# What ever happened to the old school competitiors vehicles?



## wagonmaster (Jun 27, 2015)

I have always wondered what happened to some of the legendary cars of car audio. Are they still kicking, or sitting in a junk yard or turned to a pop can.

Some I have heard:

Richard Clark still has the Grand National
Harry Kumura's Acura was sold to Speaker works and refitted with crossfire equipment
Wayne Harris still has the Terminator hearse, It is in storage

But I wonder what ever happened to:

Dan Palheamus' (sp) Honda Civic

Tyrone Chestnut's Acura Legend

Jim Fultz's Aerostar

Gary Bigg's Regal

Iggy Lobello's Aerostar

Markey Dietrich Probe

Larry Chijner's Caddy

Plus many many more. Would be cool to see what happened to these cars.

Tim


----------



## mmiller (Mar 7, 2008)

Larry just sold his Caddy I think, and Gary has sold and bought the regal back and fourth a few times from what I recall and I believe he owns it now. Half the other ones were likely disasembled and sold, or scrapped. I haven't seen a Ford probe on the road in 10 years or a Ford Aerostar in atleast 15.


----------



## Weigel21 (Sep 8, 2014)

mmiller said:


> I haven't seen a Ford probe on the road in 10 years or a Ford Aerostar in atleast 15.
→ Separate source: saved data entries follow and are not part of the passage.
lemma pexpand_sums:
  assumes "ereal (cmod h) < prad g" "T \<in> PT"
  shows "(\<lambda>k. (\<Sum>\<^sub>\<infinity>U\<in>{U \<in> PT. deg U - deg T = k}. g U * of_nat (pbinom U T)) * h ^ k)
    sums pexpand g h T"
proof -
  have "(\<lambda>U. g U * of_nat (pbinom U T) * h ^ (deg U - deg T)) summable_on PT"
    using summable_on_pexpand_norms[OF _ assms]
    by (simp add: summable_on_iff_abs_summable_on_complex norm_mult norm_power)
  then have "((\<lambda>k. \<Sum>\<^sub>\<infinity>U\<in>{U \<in> PT. deg U - deg T = k}. g U * of_nat (pbinom U T) * h ^ (deg U - deg T))
      has_sum pexpand g h T) UNIV"
    unfolding pexpand_def by (rule has_sum_infsum_fibres)
  moreover have "(\<Sum>\<^sub>\<infinity>U\<in>{U \<in> PT. deg U - deg T = k}. g U * of_nat (pbinom U T) * h ^ (deg U - deg T)) =
      (\<Sum>\<^sub>\<infinity>U\<in>{U \<in> PT. deg U - deg T = k}. g U * of_nat (pbinom U T)) * h ^ k" for k
    by (subst infsum_cmult_left'[symmetric]) (rule infsum_cong, simp)
  ultimately show ?thesis
    by (simp add: has_sum_imp_sums)
qed

lemma holomorphic_on_pexpand:
  assumes "T \<in> PT"
  shows "(\<lambda>z. pexpand g (z - a) T) holomorphic_on eball a (prad g)"
proof -
  define c where "c k = (\<Sum>\<^sub>\<infinity>U\<in>{U \<in> PT. deg U - deg T = k}. g U * of_nat (pbinom U T))" for k
  have sums: "(\<lambda>k. c k * h ^ k) sums pexpand g h T" if "h \<in> eball 0 (prad g)" for h
    using pexpand_sums[of h g T] that assms by (simp add: c_def)
  have "prad g \<le> fps_conv_radius (Abs_fps c)"
    unfolding fps_conv_radius_def fps_nth_Abs_fps
  proof (rule conv_radius_geI_ex')
    fix r :: real assume "0 < r" "ereal r < prad g"
    then show "summable (\<lambda>n. c n * of_real r ^ n)"
      using sums[of "of_real r"] by (simp add: sums_summable)
  qed
  then have "eval_fps (Abs_fps c) holomorphic_on eball 0 (prad g)"
    by (intro holomorphic_on_eval_fps eball_mono)
  then have "(\<lambda>h. pexpand g h T) holomorphic_on eball 0 (prad g)"
    by (rule holomorphic_transform) (use sums in \<open>simp add: eval_fps_def sums_iff\<close>)
  then have "(\<lambda>h. pexpand g h T) holomorphic_on (\<lambda>z. z - a) ` eball a (prad g)"
    by (rule holomorphic_on_subset) (auto simp: dist_norm norm_minus_commute)
  then have "((\<lambda>h. pexpand g h T) \<circ> (\<lambda>z. z - a)) holomorphic_on eball a (prad g)"
    by (intro holomorphic_on_compose) (auto intro: holomorphic_intros)
  then show ?thesis
    by (simp add: o_def)
qed

lemma convex_eball: "convex (eball (z :: 'a :: real_normed_vector) r)"
  by (cases r) simp_all

lemma prad_pexpand_pos:
  assumes "ereal (cmod a) < prad g"
  shows "0 < prad (pexpand g a)"
proof -
  obtain x where "cmod a < x" "ereal x < prad g"
    using ereal_dense2[OF assms] by auto
  then have "ereal (x - cmod a) \<le> prad (pexpand g a)"
    by (intro prad_pexpand_ge) auto
  moreover have "0 < ereal (x - cmod a)"
    using \<open>cmod a < x\<close> by simp
  ultimately show ?thesis by order
qed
I've seen both within the last month. LOL There's more than one Probe in my town, one just a few blocks away and there's at least one Aerostar, it's a completely rusted out two-tone 80's model. Funny you haven't seen either when they ended production in the late 90's. Do people not own the same car for more than a few years up there in Canada?


----------



## Buickmike (Aug 10, 2012)

Here is a good article that talks about a few of the legends.

Old School SPL Competition Vehicles


----------



## KillerBox (Jan 7, 2011)

I still have my first new car. It is a dusty 1989 Ford Probe with 72,000 miles. 

Alpine CD HeadUnit
AudioControl EQ
Two Phoenix Gold MS-250 (1 on subs and the other on 6.5" JBL components)
A tiny little Alpine amp on 6.5 JBL coaxials.
SoundStream X-Over
Two Infinity 12" Subs in a sealed box (used to have 12" blue coned Blue Thunders but, they started having a scrapping noise in them)

I only drove the Probe for 4 years before I bought a truck. I was going to sell the Probe but, my friend that helped me install the equipment was killed by a drunk driver. He was sitting at a red light on his way to work and the drunk just left the bar at 8am.

So I could never bring myself to selling the car. I would love to find one of his kids and give them the Probe.


----------



## pocket5s (Jan 6, 2012)

Harry's Acura was bought by Ben Vollmer several years ago. He kept it as is for awhile, but it was rebuilt by Mark Eldridge a few years ago over a period of 3-4 years. It has a fully rebuilt dash, JL speakers and amps. DBX processing.

Gary's regal was sold and subsequently repurchased by Gary. He has it in storage as I recall but doesn't plan to compete with it last I heard. He has a few other cars in the works however.


----------



## diy.phil (May 23, 2011)

There's also a Steve Brown red Acura Legend coupe. I last saw him with his Legend on demo at a Good Guys store. That store/company isn't around anymore. Not sure about his car since it has been a long time. But i think he's a manager in the Alpine USA HQ in southern California (?)


----------